**** Extracted material
(* Let $\Omega\subset\mathbb{R}^2$ be a bounded smooth domain, $\phi\in W^{1,\infty}(\Omega)$, $\chi>0$, $r\in\mathbb{R}$, $\mu>0$, and let $(n,w,u,P)$ be a global classical solution of \[ \begin{cases} n_t+u\cdot\nabla n=\Delta n+\chi\nabla\cdot(n\nabla w)+n(r-\mu n), & x\in\Omega,\ t>0,\\ w_t+u\cdot\nabla w=\Delta w-|\nabla w|^2+n, & x\in\Omega,\ t>0,\\ u_t+(u\cdot\nabla)u=\Delta u+\nabla P+n\nabla\phi,\quad \nabla\cdot u=0, & x\in\Omega,\ t>0,\\ \nabla n\cdot\nu=\nabla w\cdot\nu=0,\ u=0, & x\in\partial\Omega,\ t>0, \end{cases} \] with $n(\cdot,0)=n_0\ge0$, $n_0\in C^0(\bar\Omega)$, $n_0\not\equiv0$, $n\ge0$, $w\ge 0$. Then (i) $\limsup_{t\to\infty}\|n(\cdot,t)\|_{L^1(\Omega)}\le\frac{|\Omega|r_+}{\mu}$; (ii) for all $t_0\ge0$ and $t>t_0$, $\int_{t_0}^t\|n(\cdot,s)\|_{L^2(\Omega)}^2ds\le\frac{r_+}{\mu}\int_{t_0}^t\|n(\cdot,s)\|_{L^1(\Omega)}ds+\frac1\mu\|n(\cdot,t_0)\|_{L^1(\Omega)}$; (iii) for all $t_0\ge0$ and $t>t_0$, $\int_{t_0}^t\int_\Omega|\nabla w|^2dxds\le\int_\Omega w(x,t_0)dx+\int_{t_0}^t\|n(\cdot,s)\|_{L^1(\Omega)}ds$. Moreover, if $r\le0$, then $\|n(\cdot,t)\|_{L^1(\Omega)}\le\frac{|\Omega|}{\mu(t+\gamma)}$ for all $t>0$, where $\gamma=\frac{|\Omega|}{\mu\int_\Omega n_0}$.
   Context: $\nu$ denotes the outward unit normal; $r_+=\max\{r,0\}$. This system arises from the chemotaxis–Navier–Stokes system with singular sensitivity $-\chi\nabla\cdot(\frac nc\nabla c)$ and consumption $-nc$ via $w=-\ln(c/\|c_0\|_{L^\infty(\Omega)})$. *)

theory Defs
  imports "HOL-Analysis.Analysis"
begin

type_synonym pt = "real ^ 2"

definition has_pd :: "2 \<Rightarrow> (pt \<Rightarrow> real) \<Rightarrow> pt \<Rightarrow> real \<Rightarrow> bool" where
  "has_pd i g x d \<longleftrightarrow> ((\<lambda>h. g (x + h *\<^sub>R axis i 1)) has_real_derivative d) (at 0)"

definition pdiff :: "2 \<Rightarrow> (pt \<Rightarrow> real) \<Rightarrow> pt \<Rightarrow> bool" where
  "pdiff i g x \<longleftrightarrow> (\<exists>d. has_pd i g x d)"

definition pd :: "2 \<Rightarrow> (pt \<Rightarrow> real) \<Rightarrow> pt \<Rightarrow> real" where
  "pd i g x = deriv (\<lambda>h. g (x + h *\<^sub>R axis i 1)) 0"

definition grad :: "(pt \<Rightarrow> real) \<Rightarrow> pt \<Rightarrow> pt" where
  "grad g x = (\<chi> i. pd i g x)"

definition lap :: "(pt \<Rightarrow> real) \<Rightarrow> pt \<Rightarrow> real" where
  "lap g x = (\<Sum>i\<in>UNIV. pd i (pd i g) x)"

definition divg :: "(pt \<Rightarrow> pt) \<Rightarrow> pt \<Rightarrow> real" where
  "divg F x = (\<Sum>i\<in>UNIV. pd i (\<lambda>y. F y $ i) x)"

definition dt :: "(pt \<Rightarrow> real \<Rightarrow> real) \<Rightarrow> pt \<Rightarrow> real \<Rightarrow> real" where
  "dt f x t = deriv (\<lambda>s. f x s) t"

definition ucomp :: "(pt \<Rightarrow> real \<Rightarrow> pt) \<Rightarrow> 2 \<Rightarrow> pt \<Rightarrow> real \<Rightarrow> real" where
  "ucomp u i = (\<lambda>x t. u x t $ i)"

definition vdt :: "(pt \<Rightarrow> real \<Rightarrow> pt) \<Rightarrow> pt \<Rightarrow> real \<Rightarrow> pt" where
  "vdt u x t = (\<chi> i. dt (ucomp u i) x t)"

definition vlap :: "(pt \<Rightarrow> real \<Rightarrow> pt) \<Rightarrow> pt \<Rightarrow> real \<Rightarrow> pt" where
  "vlap u x t = (\<chi> i. lap (\<lambda>y. u y t $ i) x)"

definition conv :: "(pt \<Rightarrow> real \<Rightarrow> pt) \<Rightarrow> (pt \<Rightarrow> real \<Rightarrow> pt) \<Rightarrow> pt \<Rightarrow> real \<Rightarrow> pt" where
  "conv u v x t = (\<chi> i. u x t \<bullet> grad (\<lambda>y. v y t $ i) x)"

definition smooth_fun :: "(pt \<Rightarrow> real) \<Rightarrow> bool" where
  "smooth_fun g \<longleftrightarrow> (\<exists>D :: 2 list \<Rightarrow> pt \<Rightarrow> real. D [] = g \<and>
     (\<forall>ks. continuous_on UNIV (D ks) \<and> (\<forall>i x. has_pd i (D ks) x (D (i # ks) x))))"

definition defining_function :: "pt set \<Rightarrow> (pt \<Rightarrow> real) \<Rightarrow> bool" where
  "defining_function \<Omega> \<rho> \<longleftrightarrow> smooth_fun \<rho> \<and> \<Omega> = {x. \<rho> x < 0} \<and>
     (\<forall>x. \<rho> x = 0 \<longrightarrow> grad \<rho> x \<noteq> 0)"

definition smooth_bounded_domain :: "pt set \<Rightarrow> bool" where
  "smooth_bounded_domain \<Omega> \<longleftrightarrow> open \<Omega> \<and> connected \<Omega> \<and> bounded \<Omega> \<and> \<Omega> \<noteq> {} \<and>
     (\<exists>\<rho>. defining_function \<Omega> \<rho>)"

definition outward_normal :: "pt set \<Rightarrow> pt \<Rightarrow> pt" where
  "outward_normal \<Omega> x =
     (let \<rho> = (SOME \<rho>. defining_function \<Omega> \<rho>) in (1 / norm (grad \<rho> x)) *\<^sub>R grad \<rho> x)"

text \<open>W^{1,infinity}(Omega) for a bounded smooth domain: bounded Lipschitz functions on Omega.\<close>

definition W1inf :: "pt set \<Rightarrow> (pt \<Rightarrow> real) \<Rightarrow> bool" where
  "W1inf \<Omega> \<phi> \<longleftrightarrow> bounded (\<phi> ` \<Omega>) \<and>
     (\<exists>L. \<forall>x\<in>\<Omega>. \<forall>y\<in>\<Omega>. \<bar>\<phi> x - \<phi> y\<bar> \<le> L * dist x y)"

definition ext_cont :: "pt set \<Rightarrow> (pt \<Rightarrow> real \<Rightarrow> real) \<Rightarrow> bool" where
  "ext_cont \<Omega> F \<longleftrightarrow> (\<exists>G. continuous_on (closure \<Omega> \<times> {0<..}) G \<and>
     (\<forall>x\<in>\<Omega>. \<forall>t>0. G (x, t) = F x t))"

definition C21 :: "pt set \<Rightarrow> (pt \<Rightarrow> real \<Rightarrow> real) \<Rightarrow> bool" where
  "C21 \<Omega> f \<longleftrightarrow>
     continuous_on (closure \<Omega> \<times> {0..}) (\<lambda>(x, t). f x t) \<and>
     (\<forall>x\<in>\<Omega>. \<forall>t>0.
        (\<forall>i. pdiff i (\<lambda>y. f y t) x) \<and>
        (\<forall>i j. pdiff j (pd i (\<lambda>y. f y t)) x) \<and>
        (\<lambda>s. f x s) differentiable (at t)) \<and>
     (\<forall>i. ext_cont \<Omega> (\<lambda>x t. pd i (\<lambda>y. f y t) x)) \<and>
     (\<forall>i j. ext_cont \<Omega> (\<lambda>x t. pd j (pd i (\<lambda>y. f y t)) x)) \<and>
     ext_cont \<Omega> (dt f)"

definition C10 :: "pt set \<Rightarrow> (pt \<Rightarrow> real \<Rightarrow> real) \<Rightarrow> bool" where
  "C10 \<Omega> P \<longleftrightarrow>
     continuous_on (\<Omega> \<times> {0<..}) (\<lambda>(x, t). P x t) \<and>
     (\<forall>x\<in>\<Omega>. \<forall>t>0. \<forall>i. pdiff i (\<lambda>y. P y t) x) \<and>
     (\<forall>i. continuous_on (\<Omega> \<times> {0<..}) (\<lambda>(x, t). pd i (\<lambda>y. P y t) x))"

definition classical_solution ::
  "pt set \<Rightarrow> (pt \<Rightarrow> real) \<Rightarrow> real \<Rightarrow> real \<Rightarrow> real \<Rightarrow> (pt \<Rightarrow> real) \<Rightarrow>
   (pt \<Rightarrow> real \<Rightarrow> real) \<Rightarrow> (pt \<Rightarrow> real \<Rightarrow> real) \<Rightarrow> (pt \<Rightarrow> real \<Rightarrow> pt) \<Rightarrow> (pt \<Rightarrow> real \<Rightarrow> real) \<Rightarrow> bool"
  where
  "classical_solution \<Omega> \<phi> chi r \<mu> n0 n w u P \<longleftrightarrow>
     C21 \<Omega> n \<and> C21 \<Omega> w \<and> (\<forall>i. C21 \<Omega> (ucomp u i)) \<and> C10 \<Omega> P \<and>
     (\<forall>x\<in>closure \<Omega>. n x 0 = n0 x) \<and>
     (\<forall>x\<in>\<Omega>. \<forall>t>0.
        dt n x t + u x t \<bullet> grad (\<lambda>y. n y t) x
          = lap (\<lambda>y. n y t) x + chi * divg (\<lambda>y. n y t *\<^sub>R grad (\<lambda>z. w z t) y) x
            + n x t * (r - \<mu> * n x t)) \<and>
     (\<forall>x\<in>\<Omega>. \<forall>t>0.
        dt w x t + u x t \<bullet> grad (\<lambda>y. w y t) x
          = lap (\<lambda>y. w y t) x - (norm (grad (\<lambda>y. w y t) x))\<^sup>2 + n x t) \<and>
     (\<forall>x\<in>\<Omega>. \<forall>t>0. \<phi> differentiable (at x) \<longrightarrow>
        vdt u x t + conv u u x t
          = vlap u x t + grad (\<lambda>y. P y t) x + n x t *\<^sub>R grad \<phi> x) \<and>
     (\<forall>x\<in>\<Omega>. \<forall>t>0. divg (\<lambda>y. u y t) x = 0) \<and>
     (\<forall>x\<in>frontier \<Omega>. \<forall>t>0.
        ((\<lambda>y. grad (\<lambda>z. n z t) y \<bullet> outward_normal \<Omega> x) \<longlongrightarrow> 0) (at x within \<Omega>) \<and>
        ((\<lambda>y. grad (\<lambda>z. w z t) y \<bullet> outward_normal \<Omega> x) \<longlongrightarrow> 0) (at x within \<Omega>) \<and>
        u x t = 0)"

end

theory Submission
  imports Defs
begin

text \<open>Integrating the equations for \<open>n\<close> and \<open>w\<close> over \<open>\<Omega>\<close>, every divergence term drops
  out: the diffusive and chemotactic fluxes have zero normal component, and
  \<open>u \<bullet> \<nabla>n = \<nabla> \<bullet> (n u)\<close> because \<open>\<nabla> \<bullet> u = 0\<close> and \<open>u = 0\<close> on \<open>\<partial>\<Omega>\<close>. Hence
  \<open>y(t) = \<integral>n\<close> satisfies \<open>y' = r y - \<mu> \<integral>n\<^sup>2 \<le> r y - \<mu> y\<^sup>2 / |\<Omega>|\<close> by Cauchy-Schwarz; ODE
  comparison gives the bound on the limit superior and, for \<open>r \<le> 0\<close>, the decay by comparison
  with the Riccati equation, while integrating \<open>y'\<close> in time gives the bound on \<open>\<integral>\<integral>n\<^sup>2\<close>.
  Likewise \<open>(\<integral>w)' = \<integral>n - \<integral>|\<nabla>w|\<^sup>2\<close>, and \<open>w \<ge> 0\<close> bounds the dissipation.

  The divergence theorem on \<open>\<Omega> = {\<rho> < 0}\<close> is obtained without boundary integrals: testing
  with \<open>cutoff \<epsilon> = smooth_step (-\<rho>/\<epsilon> - 1)\<close> turns \<open>\<integral> cutoff \<epsilon> \<cdot> \<nabla> \<bullet> F\<close> into an integral of
  \<open>F \<bullet> \<nabla>\<rho>\<close> over a boundary layer of width \<open>\<epsilon>\<close>, which vanishes as \<open>\<epsilon> \<rightarrow> 0\<close>.\<close>

section \<open>Partial derivatives\<close>

lemma has_pd_imp_pd: "has_pd i g x d \<Longrightarrow> pd i g x = d"
  unfolding has_pd_def pd_def by (rule DERIV_imp_deriv)

lemma pdiff_imp_has_pd: "pdiff i g x \<Longrightarrow> has_pd i g x (pd i g x)"
  unfolding pdiff_def using has_pd_imp_pd by metis

lemma has_pd_diff: "has_pd i f x a \<Longrightarrow> has_pd i g x b \<Longrightarrow> has_pd i (\<lambda>y. f y - g y) x (a - b)"
  unfolding has_pd_def by (rule derivative_intros)

lemma has_pd_mult:
  "has_pd i f x a \<Longrightarrow> has_pd i g x b \<Longrightarrow> has_pd i (\<lambda>y. f y * g y) x (a * g x + f x * b)"
  unfolding has_pd_def by (auto intro!: derivative_eq_intros)

lemma has_pd_cmult: "has_pd i f x a \<Longrightarrow> has_pd i (\<lambda>y. c * f y) x (c * a)"
  unfolding has_pd_def by (auto intro!: derivative_eq_intros)

lemma has_pd_const: "has_pd i (\<lambda>y. c) x 0"
  unfolding has_pd_def by (rule derivative_intros)

lemma has_pd_chain:
  assumes "has_pd i f x a" and "(\<phi> has_real_derivative d) (at (f x))"
  shows "has_pd i (\<lambda>y. \<phi> (f y)) x (d * a)"
  using DERIV_chain[of \<phi> d "\<lambda>h. f (x + h *\<^sub>R axis i 1)" 0 a] assms
  unfolding has_pd_def by (simp add: o_def)

lemma has_pd_transform_open:
  assumes "has_pd i g x d" and "open S" and "x \<in> S" and "\<And>y. y \<in> S \<Longrightarrow> f y = g y"
  shows "has_pd i f x d"
proof -
  have "open ((\<lambda>h::real. x + h *\<^sub>R axis i 1) -` S)"
    by (rule continuous_open_vimage[OF \<open>open S\<close>]) (auto intro!: continuous_intros)
  with assms show ?thesis
    unfolding has_pd_def by (auto intro: has_field_derivative_transform_within_open)
qed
********
What to do: Looking at the entries above, count the lines that contain "differentiable" and answer with only the number.

Response: 2